Browser Genome Release Agreement
The purpose of this document is to establish a common set of minimum requirements for public display of genome data by the Ensembl, NCBI and UCSC browsers/annotation groups. This is a follow up document to informal discussions held at the Biology of Genomes meeting at Cold Spring Harbor, NY in May of 2008.
Previously, the only agreement among the major browsers was to display the same set of reference coordinates for the human genome reference assembly. This has largely extended to other organisms as well, but issues remain that can lead to differences in the data provided by the browsers. The issue that likely causes the largest number of problems is the annotation and display of genome assembly data prior to deposition of the genome assembly to the International Nucleotide Sequence Database Collaboration (INSDC), commonly referred to as DDBJ/EMBL/GenBank. The most common problems are (in increasing order of severity):
- Inconsistent sequence identifiers amongst browsers.
- Inconsistent sequence identifiers increase the level of difficulty when trying to exchange annotation sets. This has been apparent as NCBI and Ensembl have tried to exchange gene model datasets for organisms other than human and mouse. Of note, all browsers get these two assemblies from a single source.
- Inconsistent assembly identifiers amongst browsers.
- Inconsistent assembly identifiers make it difficult for users to know which coordinate system is being displayed, regardless of the data source.
- Different sequence data amongst browsers.
- Upon deposition of the data to the INSDC, quality control exercises will often uncover problems with the assembly that is initially submitted. In many cases, the submitter is interested in correcting these errors but the corrections may not get propagated to any browser that has already picked up the data. An addendum to this item is the inconsistent handling of unplaced sequences. Some groups choose to concatenate these sequences into a pseudo molecule, while others leave these as independent sequences. The inconsistent use of sequence identifiers increases the difficulty of mapping annotations amongst sources.
- Some assemblies not ever submitted to INSDC.
- Once assemblies get picked up, annotated and displayed in a browser, the initial sequencing and assembly group may have little incentive to submit this assembly to the INSDC. For example, the Xenopus tropicalis assembly has been 'available' since August, 2005 but has never been submitted to the INSDC.
Beginning in the spring of 2009, with the release of the Genome Reference Consortium Human Build 37 release Ensembl, NCBI and UCSC agree that:
Data will be displayed only after it has been released by the INSDC.
- This document deals solely with the deposition of the genome assembly (contigs + scaffolds). Submission of annotation is not a requirement for public display of genome assembly data in any of the browsers.
- It is anticipated that most genome assemblies will be able to be deposited to the INSDC. However, in the event that a genome assembly does not meet the INSDC criteria for submission, the genome browsers will be free to show this data. It is anticipated that the browsers will work together to provide a consistent view of the assembly and its identifiers.
- Assembly submitters can use the Hold Until Publication (HUP) mode of submission. Once the assembly is accessioned, even if it has a HUP status, the submitter can distribute the assembly to any third party browser/annotation group. However, the data for these assemblies should not be made public by the browsers until the HUP status has been removed and the assembly data are public in the INSDC.
The sequence identifiers used in the browser and publicly distributed via FTP should be correlated with the INSDC records.
- Browsers can use alternate sequence identifiers but it should be clear how these identifiers map to the INSDC record. Ideally, this will have a minimal disruption on dataflow but still provide a framework for easy data exchange between the various groups. This implies that the starting AGP files should use the INSDC accession.version to identify all of the objects and components describing the assembly. For a reminder of AGP definitions, please see the specification found here: http://www.ncbi.nlm.nih.gov/projects/genome/assembly/agp/AGP_Specification.shtml.
All browsers will refer to any given assembly by the same name, preferably a submitter approved name. This should be collected at the time of assembly submission and guidance should be given to the submitted group in terms of selecting an appropriate name.

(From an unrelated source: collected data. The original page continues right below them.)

lemma u_right_of_q2:
  assumes c: "c1 > 0" "c2 < 0" and "t \<noteq> t0" and x: "q2 c1 c2 t0 t \<le> x"
  shows "u c1 c2 t0 t x
       = (c1^2 * exp (c1 * (t - t0)) - c2^2 * exp (c2 * (t - t0))) * exp (- x) / (c1 - c2)"
proof -
  define a b where "a = exp (c1 * (t - t0))" and "b = exp (c2 * (t - t0))"
  define L S T D where "L = c1 - c2" and "S = c1 * b - c2 * a" and "T = c1 * a - c2 * b"
    and "D = b - a"
  have pos: "a > 0" "b > 0" "L > 0" using c by (auto simp: a_def b_def L_def)
  have ST: "S > 0" "T > 0"
    unfolding S_def T_def using diff_mult_pos[OF c] pos by auto
  have "c1 * (t - t0) \<noteq> c2 * (t - t0)" using assms by simp
  then have "D \<noteq> 0" by (simp add: D_def a_def b_def)
  have inv: "exp (- c1 * (t - t0)) = 1 / a" "exp (- c2 * (t - t0)) = 1 / b"
    by (simp_all add: a_def b_def exp_minus inverse_eq_divide)
  have "u c1 c2 t0 t x
      = (p1 c1 c2 t0 t * exp (q1 c1 c2 t0 t) + p2 c1 c2 t0 t * exp (q2 c1 c2 t0 t)) * exp (- x)"
    using x order.trans[OF q1_le_q2[OF c] x] unfolding u_def
    by (simp add: exp_diff exp_minus field_simps)
  also have "p1 c1 c2 t0 t * exp (q1 c1 c2 t0 t) + p2 c1 c2 t0 t * exp (q2 c1 c2 t0 t)
      = S / D * (L / (S / (a * b))) + (- T) / D * (T / L)"
    unfolding exp_q1[OF c] exp_q2[OF c] p1_eq p2_eq inv a_def[symmetric] b_def[symmetric]
      L_def[symmetric] S_def[symmetric] T_def[symmetric] D_def[symmetric] using pos
    by (simp add: S_def T_def field_simps)
  also have "\<dots> = (L^2 * (a * b) - T^2) / (D * L)"
    using pos ST \<open>D \<noteq> 0\<close> by (simp add: field_simps power2_eq_square)
  also have "L^2 * (a * b) - T^2 = D * (c1^2 * a - c2^2 * b)"
    by (simp add: L_def T_def D_def power2_eq_square algebra_simps)
  also have "D * (c1^2 * a - c2^2 * b) / (D * L) = (c1^2 * a - c2^2 * b) / L"
    using \<open>D \<noteq> 0\<close> by simp
  finally show ?thesis unfolding a_def b_def L_def by simp
qed

lemma yl_arg_gt:
  assumes c: "c1 > 0" "c2 < 0" and \<xi>: "\<xi> < q1 c1 c2 t0 0"
  shows "yl_arg c1 c2 t0 t \<xi> > (c1 * exp (- c1 * (t - t0)) - c2 * exp (- c2 * (t - t0))) * exp \<xi>"
proof -
  have "exp \<xi> < exp (q1 c1 c2 t0 0)" using \<xi> by simp
  also have "\<dots> = (c1 - c2) / (c1 * exp (c1 * t0) - c2 * exp (c2 * t0))"
    using exp_q1[OF c, of t0 0] by simp
  moreover have "c1 * exp (c1 * t0) - c2 * exp (c2 * t0) > 0" by (rule diff_mult_pos[OF c]) simp_all
  ultimately have "(c1 * exp (c1 * t0) - c2 * exp (c2 * t0)) * exp \<xi> < c1 - c2"
    by (simp add: less_divide_eq mult.commute)
  then show ?thesis unfolding yl_arg_def by (simp add: algebra_simps)
qed

lemma yr_arg_gt:
  assumes c: "c1 > 0" "c2 < 0" and \<xi>: "\<xi> > q2 c1 c2 t0 0"
  shows "yr_arg c1 c2 t0 t \<xi> > (c1 * exp (c1 * (t - t0)) - c2 * exp (c2 * (t - t0))) * exp (- \<xi>)"
proof -
  have "(c1 * exp (- c1 * t0) - c2 * exp (- c2 * t0)) / (c1 - c2) = exp (q2 c1 c2 t0 0)"
    using exp_q2[OF c, of t0 0] by simp
  also have "\<dots> < exp \<xi>" using \<xi> by simp
  finally have "(c1 * exp (- c1 * t0) - c2 * exp (- c2 * t0)) * exp (- \<xi>) < c1 - c2"
    using c by (simp add: divide_less_eq exp_minus field_simps)
  then show ?thesis unfolding yr_arg_def by (simp add: algebra_simps)
qed

lemma yl_arg_pos:
  assumes "c1 > 0" "c2 < 0" "\<xi> < q1 c1 c2 t0 0"
  shows "yl_arg c1 c2 t0 t \<xi> > 0"
  using yl_arg_gt[OF assms, of t] diff_mult_pos[OF assms(1,2)] by (smt (verit) exp_gt_zero mult_pos_pos)

lemma yr_arg_pos:
  assumes "c1 > 0" "c2 < 0" "\<xi> > q2 c1 c2 t0 0"
  shows "yr_arg c1 c2 t0 t \<xi> > 0"
  using yr_arg_gt[OF assms, of t] diff_mult_pos[OF assms(1,2)] by (smt (verit) exp_gt_zero mult_pos_pos)

lemma exp_yl:
  assumes "c1 > 0" "c2 < 0" "\<xi> < q1 c1 c2 t0 0"
  shows "exp (yl c1 c2 t0 t \<xi>) = (c1 - c2) * exp \<xi> / yl_arg c1 c2 t0 t \<xi>"
  using yl_arg_pos[OF assms, of t] assms(1,2) unfolding yl_def by (simp add: exp_add exp_diff)

lemma exp_yr:
  assumes "c1 > 0" "c2 < 0" "\<xi> > q2 c1 c2 t0 0"
  shows "exp (yr c1 c2 t0 t \<xi>) = exp \<xi> * yr_arg c1 c2 t0 t \<xi> / (c1 - c2)"
  using yr_arg_pos[OF assms, of t] assms(1,2) unfolding yr_def by (simp add: exp_add exp_diff)

lemma yl_less_q1:
  assumes c: "c1 > 0" "c2 < 0" and \<xi>: "\<xi> < q1 c1 c2 t0 0"
  shows "yl c1 c2 t0 t \<xi> < q1 c1 c2 t0 t"
proof -
  define A where "A = c1 * exp (- c1 * (t - t0)) - c2 * exp (- c2 * (t - t0))"
  have "A > 0" unfolding A_def using diff_mult_pos[OF c] by simp
  have "exp (yl c1 c2 t0 t \<xi>) = (c1 - c2) * exp \<xi> / yl_arg c1 c2 t0 t \<xi>"
    by (rule exp_yl[OF assms])
  also have "\<dots> < (c1 - c2) * exp \<xi> / (A * exp \<xi>)"
  proof (rule divide_strict_left_mono)
    show "A * exp \<xi> < yl_arg c1 c2 t0 t \<xi>" using yl_arg_gt[OF assms] unfolding A_def .
    show "0 < (c1 - c2) * exp \<xi>" "0 < yl_arg c1 c2 t0 t \<xi> * (A * exp \<xi>)"
      using c \<open>A > 0\<close> yl_arg_pos[OF assms] by simp_all
  qed
  also have "\<dots> = exp (q1 c1 c2 t0 t)"
    unfolding exp_q1[OF c] A_def by simp
  finally show ?thesis by simp
qed

lemma q2_less_yr:
  assumes c: "c1 > 0" "c2 < 0" and \<xi>: "\<xi> > q2 c1 c2 t0 0"
  shows "q2 c1 c2 t0 t < yr c1 c2 t0 t \<xi>"
proof -
  have "exp (q2 c1 c2 t0 t)
      = exp \<xi> * ((c1 * exp (c1 * (t - t0)) - c2 * exp (c2 * (t - t0))) * exp (- \<xi>)) / (c1 - c2)"
    unfolding exp_q2[OF c] by (simp add: exp_minus)
  also have "\<dots> < exp \<xi> * yr_arg c1 c2 t0 t \<xi> / (c1 - c2)"
    using yr_arg_gt[OF assms, of t] c by (intro divide_strict_right_mono) auto
  also have "\<dots> = exp (yr c1 c2 t0 t \<xi>)"
    by (rule exp_yr[OF assms, symmetric])
  finally show ?thesis by simp
qed

lemma yl_initial: "yl c1 c2 t0 0 \<xi> = \<xi>"
  unfolding yl_def yl_arg_def by simp

lemma yr_initial: "yr c1 c2 t0 0 \<xi> = \<xi>"
  unfolding yr_def yr_arg_def by simp

lemma has_real_derivative_yl:
  assumes "c1 > 0" "c2 < 0" "\<xi> < q1 c1 c2 t0 0"
  shows "((\<lambda>s. yl c1 c2 t0 s \<xi>) has_real_derivative
     (c1^2 * exp (- c1 * (t - t0)) - c2^2 * exp (- c2 * (t - t0))) * exp \<xi> / yl_arg c1 c2 t0 t \<xi>) (at t)"
proof -
  have "((\<lambda>s. yl_arg c1 c2 t0 s \<xi>) has_real_derivative
      - (c1^2 * exp (- c1 * (t - t0)) - c2^2 * exp (- c2 * (t - t0))) * exp \<xi>) (at t)"
    unfolding yl_arg_def
    by (rule derivative_eq_intros refl | simp add: power2_eq_square algebra_simps)+
  then show ?thesis unfolding yl_def
    using yl_arg_pos[OF assms, of t] by (auto intro!: derivative_eq_intros simp: field_simps)
qed

lemma has_real_derivative_yr:
  assumes "c1 > 0" "c2 < 0" "\<xi> > q2 c1 c2 t0 0"
  shows "((\<lambda>s. yr c1 c2 t0 s \<xi>) has_real_derivative
     (c1^2 * exp (c1 * (t - t0)) - c2^2 * exp (c2 * (t - t0))) * exp (- \<xi>) / yr_arg c1 c2 t0 t \<xi>) (at t)"
proof -
  have "((\<lambda>s. yr_arg c1 c2 t0 s \<xi>) has_real_derivative
      (c1^2 * exp (c1 * (t - t0)) - c2^2 * exp (c2 * (t - t0))) * exp (- \<xi>)) (at t)"
    unfolding yr_arg_def
    by (rule derivative_eq_intros refl | simp add: power2_eq_square algebra_simps)+
  then show ?thesis unfolding yr_def
    using yr_arg_pos[OF assms, of t] by (auto intro!: derivative_eq_intros)
qed

lemma u_along_yl:
  assumes c: "c1 > 0" "c2 < 0" and \<xi>: "\<xi> < q1 c1 c2 t0 0" and "t \<noteq> t0"
  shows "u c1 c2 t0 t (yl c1 c2 t0 t \<xi>)
       = (c1^2 * exp (- c1 * (t - t0)) - c2^2 * exp (- c2 * (t - t0))) * exp \<xi> / yl_arg c1 c2 t0 t \<xi>"
  using u_left_of_q1[OF c \<open>t \<noteq> t0\<close> less_imp_le[OF yl_less_q1[OF c \<xi>]]] c
  unfolding exp_yl[OF c \<xi>] by simp

lemma u_along_yr:
  assumes c: "c1 > 0" "c2 < 0" and \<xi>: "\<xi> > q2 c1 c2 t0 0" and "t \<noteq> t0"
  shows "u c1 c2 t0 t (yr c1 c2 t0 t \<xi>)
       = (c1^2 * exp (c1 * (t - t0)) - c2^2 * exp (c2 * (t - t0))) * exp (- \<xi>) / yr_arg c1 c2 t0 t \<xi>"
proof -
  have "exp (- yr c1 c2 t0 t \<xi>) = (c1 - c2) * exp (- \<xi>) / yr_arg c1 c2 t0 t \<xi>"
    unfolding exp_minus exp_yr[OF c \<xi>] by (simp add: field_simps)
  then show ?thesis
    using u_right_of_q2[OF c \<open>t \<noteq> t0\<close> less_imp_le[OF q2_less_yr[OF c \<xi>]]] c by simp
qed

theorem mainTheorem5:
  fixes c1 c2 t0 :: real
  assumes "c1 > 0" and "0 > c2" and "t0 > 0"
  shows
   "(\<forall>t\<in>{0..t0}. \<forall>\<xi>. \<xi> < q1 c1 c2 t0 0 \<longrightarrow>
        yl_arg c1 c2 t0 t \<xi> > 0 \<and> yl c1 c2 t0 t \<xi> < q1 c1 c2 t0 t)
  \<and> (\<forall>t\<in>{0..t0}. \<forall>\<xi>. \<xi> > q2 c1 c2 t0 0 \<longrightarrow>
        yr_arg c1 c2 t0 t \<xi> > 0 \<and> yr c1 c2 t0 t \<xi> > q2 c1 c2 t0 t)
  \<and> (\<forall>\<xi>. \<xi> < q1 c1 c2 t0 0 \<longrightarrow> yl c1 c2 t0 0 \<xi> = \<xi>)
  \<and> (\<forall>\<xi>. \<xi> > q2 c1 c2 t0 0 \<longrightarrow> yr c1 c2 t0 0 \<xi> = \<xi>)
  \<and> (\<forall>t\<in>{0..<t0}. \<forall>\<xi>. \<xi> < q1 c1 c2 t0 0 \<longrightarrow>
        ((\<lambda>s. yl c1 c2 t0 s \<xi>) has_real_derivative u c1 c2 t0 t (yl c1 c2 t0 t \<xi>))
          (at t within {0..t0}))
  \<and> (\<forall>t\<in>{0..<t0}. \<forall>\<xi>. \<xi> > q2 c1 c2 t0 0 \<longrightarrow>
        ((\<lambda>s. yr c1 c2 t0 s \<xi>) has_real_derivative u c1 c2 t0 t (yr c1 c2 t0 t \<xi>))
          (at t within {0..t0}))
  \<and> (\<forall>t\<in>{0..<t0}. \<forall>\<xi>. \<xi> < q1 c1 c2 t0 0 \<longrightarrow>
        u c1 c2 t0 t (yl c1 c2 t0 t \<xi>) =
          ((c1^2 * exp (- c1 * (t - t0)) - c2^2 * exp (- c2 * (t - t0))) * exp \<xi>)
          / ((c1 - c2) + (c1 * exp (- c1 * (t - t0)) - c1 * exp (c1 * t0)
               - c2 * exp (- c2 * (t - t0)) + c2 * exp (c2 * t0)) * exp \<xi>))"
proof (intro conjI ballI allI impI)
  note c = assms(1,2)
  fix t \<xi> :: real
  show "yl_arg c1 c2 t0 t \<xi> > 0" "yl c1 c2 t0 t \<xi> < q1 c1 c2 t0 t" if "\<xi> < q1 c1 c2 t0 0"
    using yl_arg_pos[OF c that] yl_less_q1[OF c that] by auto
  show "yr_arg c1 c2 t0 t \<xi> > 0" "yr c1 c2 t0 t \<xi> > q2 c1 c2 t0 t" if "\<xi> > q2 c1 c2 t0 0"
    using yr_arg_pos[OF c that] q2_less_yr[OF c that] by auto
  show "yl c1 c2 t0 0 \<xi> = \<xi>" "yr c1 c2 t0 0 \<xi> = \<xi>"
    by (rule yl_initial yr_initial)+
  assume "t \<in> {0..<t0}"
  then have "t \<noteq> t0" by simp
  show "((\<lambda>s. yl c1 c2 t0 s \<xi>) has_real_derivative u c1 c2 t0 t (yl c1 c2 t0 t \<xi>))
      (at t within {0..t0})" if "\<xi> < q1 c1 c2 t0 0"
    unfolding u_along_yl[OF c that \<open>t \<noteq> t0\<close>]
    by (rule has_field_derivative_at_within[OF has_real_derivative_yl[OF c that]])
  show "((\<lambda>s. yr c1 c2 t0 s \<xi>) has_real_derivative u c1 c2 t0 t (yr c1 c2 t0 t \<xi>))
      (at t within {0..t0})" if "\<xi> > q2 c1 c2 t0 0"
    unfolding u_along_yr[OF c that \<open>t \<noteq> t0\<close>]
    by (rule has_field_derivative_at_within[OF has_real_derivative_yr[OF c that]])
  show "u c1 c2 t0 t (yl c1 c2 t0 t \<xi>) =
          ((c1^2 * exp (- c1 * (t - t0)) - c2^2 * exp (- c2 * (t - t0))) * exp \<xi>)
          / ((c1 - c2) + (c1 * exp (- c1 * (t - t0)) - c1 * exp (c1 * t0)
               - c2 * exp (- c2 * (t - t0)) + c2 * exp (c2 * t0)) * exp \<xi>)"
    if "\<xi> < q1 c1 c2 t0 0"
    using u_along_yl[OF c that \<open>t \<noteq> t0\<close>] unfolding yl_arg_def .
qed

end
lemma has_sum_log_prod_term_row:
  assumes "norm z < 1"
  shows "((\<lambda>m. log_prod_term y z (a, m)) has_sum - (of_nat (y (Suc a)) * Ln (1 - z ^ Suc a))) UNIV"
proof -
  have "norm (z ^ Suc a) < 1"
    using assms by (simp add: norm_power power_less_one_iff del: power_Suc)
  from has_sum_cmult_right[OF has_sum_Ln_one_minus[OF this], of "of_nat (y (Suc a))"]
  show ?thesis
    by (simp only: log_prod_term_def case_prod_conv power_mult times_divide_eq_right mult_minus_right)
qed

text \<open>In the shifted indexing of \<^const>\<open>log_prod_term\<close>: \<open>(l, m) \<mapsto> (l m, l)\<close>, a product and one of its divisors.\<close>

lemma bij_betw_divisor_pairs:
  "bij_betw (\<lambda>(a, m). (Suc a * Suc m - 1, Suc a)) UNIV (SIGMA k:UNIV. {d. d dvd Suc k})"
proof (rule bij_betw_byWitness[where f' = "\<lambda>(k, d). (d - 1, Suc k div d - 1)"])
  have "Suc (d - 1) * Suc (Suc k div d - 1) - 1 = k \<and> Suc (d - 1) = d" if dvd: "d dvd Suc k" for k d
  proof -
    obtain e where e: "Suc k = d * e" using dvd by blast
    then have "0 < d" "0 < e" by (metis nat.distinct(1) mult_is_0 neq0_conv)+
    then have "Suc k div d = e" "Suc (d - 1) = d" "Suc (e - 1) = e"
      using e by simp_all
    then show ?thesis using e by simp
  qed
  then show "\<forall>p\<in>SIGMA k:UNIV. {d. d dvd Suc k}.
      (\<lambda>(a, m). (Suc a * Suc m - 1, Suc a)) ((\<lambda>(k, d). (d - 1, Suc k div d - 1)) p) = p"
    by auto
next
  have "Suc (Suc a * Suc m - 1) = Suc a * Suc m" for a m :: nat
    by simp
  then show "\<forall>p\<in>UNIV. (\<lambda>(k, d). (d - 1, Suc k div d - 1)) ((\<lambda>(a, m). (Suc a * Suc m - 1, Suc a)) p) = p"
    and "(\<lambda>(a, m). (Suc a * Suc m - 1, Suc a)) ` UNIV \<subseteq> (SIGMA k:UNIV. {d. d dvd Suc k})"
    by (auto simp del: mult_Suc mult_Suc_right)
qed auto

- There are several assemblies submitted that have no real submitter approved name. In these cases, every effort should be made by the browsers to reconcile the names/assemblies so that it is clear to users what data is being supplied at each browser and that data exchange between the browsers/annotation groups is facilitated.
- Browser-specific assembly names are permitted only as an adjunct to the official, submitter-approved name, not as a replacement for the official name.
The terms of this document are not meant to be retroactive, and data currently displayed in any of the browsers that do not meet these criteria do not need to be removed. However, we should endeavor to begin bringing all genome assembly data into compliance moving forward.